Article 6(5)b) : la période pendant laquelle les marques de commerce ont été en usage

[23]  La demande pour la Marque est fondée sur un emploi projeté et la Requérante n'a produit aucune preuve d'emploi. En revanche, comme je l'ai indiqué ci-dessus, l'Opposante a produit une preuve de l'emploi de la marque de commerce EPRINEX au Canada depuis plusieurs années.

[24]  Par conséquent, ce facteur favorise également l'Opposante.

Articles 6(5)c) et d) : le genre de produits, de services ou d'entreprises; la nature du commerce

[25]  S'agissant des facteurs énoncés aux articles 6(5)c) et d) de la Loi, l'appréciation de la probabilité de confusion aux termes de l'article 12(1)d) de la Loi repose sur la comparaison de l'état déclaratif des produits qui figure dans la demande pour la Marque avec l'état déclaratif des produits qui figure dans l'enregistrement invoqué par l'Opposante [Henkel Kommanditgesellschaft auf Aktien c Super Dragon Import Export Inc (1986), 12 CPR (3d) 110 (CAF) et Mr Submarine Ltd c Amandista Investments Ltd (1987), 19 CPR (3d) 3 (CAF)].

[26]  Comme je l'ai indiqué précédemment, les [Traduction] « préparations vétérinaires antiparasitaires » visées par l'enregistrement de la marque de commerce EPRINEX et les [Traduction] « préparations et substances pharmaceutiques vétérinaires, nommément anthelminthiques » décrites dans la demande pour la Marque semblent être très similaires, voire identiques.

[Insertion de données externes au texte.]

lemma BQ_meets_triangulation:
  assumes "0 < a" "a < b" "b < c" "c < n - 1" and T: "triangulation n T"
  shows "BQ n a b c \<inter> T \<noteq> {}"
proof
  assume disjoint: "BQ n a b c \<inter> T = {}"
  have T_diag: "T \<subseteq> diagonals n" and T_nc: "noncrossing T"
    using T unfolding triangulation_def by auto
  obtain x where x: "x < a" "x = 0 \<or> (\<exists>l\<ge>c. {x, l} \<in> T)"
    "\<And>k. x < k \<Longrightarrow> k < a \<Longrightarrow> \<not> (\<exists>l\<ge>c. {k, l} \<in> T)"
    by (rule ex_last_in_interval[OF \<open>0 < a\<close>, where P = "\<lambda>k. \<exists>l\<ge>c. {k, l} \<in> T"]) blast
  obtain y where y: "b \<le> y" "y < c" "y = b \<or> (\<exists>k. a \<le> k \<and> k < b \<and> {k, y} \<in> T)"
    "\<And>l. y < l \<Longrightarrow> l < c \<Longrightarrow> \<not> (\<exists>k. a \<le> k \<and> k < b \<and> {k, l} \<in> T)"
    by (rule ex_last_in_interval[OF \<open>b < c\<close>, where P = "\<lambda>l. \<exists>k. a \<le> k \<and> k < b \<and> {k, l} \<in> T"]) blast
  have "{x, y} \<in> diagonals n"
    using x y assms by (intro doubleton_in_diagonalsI) auto
  moreover have "\<not> crosses {x, y} f" if "f \<in> T" for f
    using extremal_RL_diagonal_uncrossed[OF \<open>a < b\<close> \<open>b < c\<close> T_diag T_nc disjoint x y that] .
  ultimately have "{x, y} \<in> T" using T uncrossed_diagonal_in_triangulation by blast
  moreover have "{x, y} \<in> BQ n a b c" using x y by (intro BQ_RL_memI)
  ultimately show False using disjoint by blast
qed

lemma BQ_minus_RL_not_blocker:
  assumes "0 < a" "a < b" "b < c" "c < n - 1" "x < a" "b \<le> y" "y < c"
  shows "\<not> blocker n (BQ n a b c - {{x, y}})"
proof (rule not_blocker_if_crossed_by_quadrilateral[of x a y c n "{x, y}"])
  show "BQ n a b c - {{x, y}} \<subseteq> diagonals n" using BQ_subset_diagonals assms(1-4) by blast
  fix f assume "f \<in> BQ n a b c - {{x, y}}"
  then have "f \<in> BQ n a b c" "f \<noteq> {x, y}" by auto
  then show "\<exists>g\<in>{{x, a}, {a, y}, {y, c}, {x, c}, {x, y}}. crosses f g"
    by (cases rule: BQ_memE) (use assms in \<open>auto simp: crosses_doubleton_iff\<close>)
qed (use assms in auto)

lemma BQ_minus_TB_not_blocker:
  assumes "0 < a" "a < b" "b < c" "c < n - 1" "a \<le> u" "u < b" "c \<le> z" "z < n"
  shows "\<not> blocker n (BQ n a b c - {{u, z}})"
proof (rule not_blocker_if_crossed_by_quadrilateral[of 0 u b z n "{u, z}"])
  show "BQ n a b c - {{u, z}} \<subseteq> diagonals n" using BQ_subset_diagonals assms(1-4) by blast
  fix f assume "f \<in> BQ n a b c - {{u, z}}"
  then have "f \<in> BQ n a b c" "f \<noteq> {u, z}" by auto
  then show "\<exists>g\<in>{{0, u}, {u, b}, {b, z}, {0, z}, {u, z}}. crosses f g"
    by (cases rule: BQ_memE) (use assms in \<open>auto simp: crosses_doubleton_iff\<close>)
qed (use assms in auto)

lemma card_doubletons:
  assumes "A \<inter> B = {}"
  shows "card {{i, j} | i j. i \<in> A \<and> j \<in> B} = card A * card B"
proof -
  have "{{i, j} | i j. i \<in> A \<and> j \<in> B} = (\<lambda>(i, j). {i, j}) ` (A \<times> B)" by auto
  moreover have "inj_on (\<lambda>(i, j). {i, j}) (A \<times> B)"
    using assms by (auto simp: inj_on_def doubleton_eq_iff)
  ultimately show ?thesis by (simp add: card_image card_cartesian_product)
qed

[27]  Les produits liés à la marque de commerce EPRINEX sont vendus directement à des cliniques vétérinaires et/ou des vétérinaires de pratique privée [affidavit Lopez, para 8]. La Requérante n'a produit aucune preuve en ce qui concerne le genre de son entreprise ou la pratique normale de son commerce. Toutefois, compte tenu du genre étroitement apparenté des produits des parties, il est raisonnable de conclure qu’il y aurait un recoupement dans leurs voies de commercialisation.

[28]  Par conséquent, les facteurs énoncés aux articles 6(5)c) et d) favorisent également l'Opposante.

Article 6(5)e) : le degré de ressemblance entre les marques dans la présentation ou le son, ou dans les idées qu'elles suggèrent

[29]  Il est bien établi que, lorsqu'il s'agit de déterminer le degré de ressemblance entre des marques de commerce, il faut considérer les marques de commerce dans leur ensemble et éviter de les placer côte à côte pour les comparer et relever les similitudes ou les différences entre leurs éléments constitutifs. Il faut également s'abstenir de décomposer les marques.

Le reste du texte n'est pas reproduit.